What the exercise asks:
Set down the records that follow in full and without changes.

━━━ Data extracts

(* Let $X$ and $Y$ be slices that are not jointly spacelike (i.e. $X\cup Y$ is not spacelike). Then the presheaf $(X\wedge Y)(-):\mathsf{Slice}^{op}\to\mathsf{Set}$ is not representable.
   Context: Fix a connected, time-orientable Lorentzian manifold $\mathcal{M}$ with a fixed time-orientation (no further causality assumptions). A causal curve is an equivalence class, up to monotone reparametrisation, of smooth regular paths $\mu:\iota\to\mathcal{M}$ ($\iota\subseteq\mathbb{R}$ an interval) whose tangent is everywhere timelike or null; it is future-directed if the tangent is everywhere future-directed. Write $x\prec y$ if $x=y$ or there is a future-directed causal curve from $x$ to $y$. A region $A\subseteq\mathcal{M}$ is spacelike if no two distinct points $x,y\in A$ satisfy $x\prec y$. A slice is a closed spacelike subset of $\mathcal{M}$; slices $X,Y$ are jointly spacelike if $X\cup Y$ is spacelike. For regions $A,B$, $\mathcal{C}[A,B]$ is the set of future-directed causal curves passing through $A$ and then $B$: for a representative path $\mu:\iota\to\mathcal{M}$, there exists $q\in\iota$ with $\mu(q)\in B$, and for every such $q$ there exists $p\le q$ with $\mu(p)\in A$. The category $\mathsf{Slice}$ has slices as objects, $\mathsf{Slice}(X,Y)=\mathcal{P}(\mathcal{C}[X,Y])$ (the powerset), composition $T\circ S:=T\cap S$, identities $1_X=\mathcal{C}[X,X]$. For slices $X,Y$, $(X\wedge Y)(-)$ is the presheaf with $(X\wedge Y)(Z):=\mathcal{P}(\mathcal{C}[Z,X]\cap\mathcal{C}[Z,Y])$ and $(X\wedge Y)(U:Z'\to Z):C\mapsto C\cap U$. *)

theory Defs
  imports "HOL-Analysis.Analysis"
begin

━━━━━━

Solution for this task:
(* Let $X$ and $Y$ be slices that are not jointly spacelike (i.e. $X\cup Y$ is not spacelike). Then the presheaf $(X\wedge Y)(-):\mathsf{Slice}^{op}\to\mathsf{Set}$ is not representable.
   Context: Fix a connected, time-orientable Lorentzian manifold $\mathcal{M}$ with a fixed time-orientation (no further causality assumptions). A causal curve is an equivalence class, up to monotone reparametrisation, of smooth regular paths $\mu:\iota\to\mathcal{M}$ ($\iota\subseteq\mathbb{R}$ an interval) whose tangent is everywhere timelike or null; it is future-directed if the tangent is everywhere future-directed. Write $x\prec y$ if $x=y$ or there is a future-directed causal curve from $x$ to $y$. A region $A\subseteq\mathcal{M}$ is spacelike if no two distinct points $x,y\in A$ satisfy $x\prec y$. A slice is a closed spacelike subset of $\mathcal{M}$; slices $X,Y$ are jointly spacelike if $X\cup Y$ is spacelike. For regions $A,B$, $\mathcal{C}[A,B]$ is the set of future-directed causal curves passing through $A$ and then $B$: for a representative path $\mu:\iota\to\mathcal{M}$, there exists $q\in\iota$ with $\mu(q)\in B$, and for every such $q$ there exists $p\le q$ with $\mu(p)\in A$. The category $\mathsf{Slice}$ has slices as objects, $\mathsf{Slice}(X,Y)=\mathcal{P}(\mathcal{C}[X,Y])$ (the powerset), composition $T\circ S:=T\cap S$, identities $1_X=\mathcal{C}[X,X]$. For slices $X,Y$, $(X\wedge Y)(-)$ is the presheaf with $(X\wedge Y)(Z):=\mathcal{P}(\mathcal{C}[Z,X]\cap\mathcal{C}[Z,Y])$ and $(X\wedge Y)(U:Z'\to Z):C\mapsto C\cap U$. *)

theory Defs
  imports "HOL-Analysis.Analysis"
begin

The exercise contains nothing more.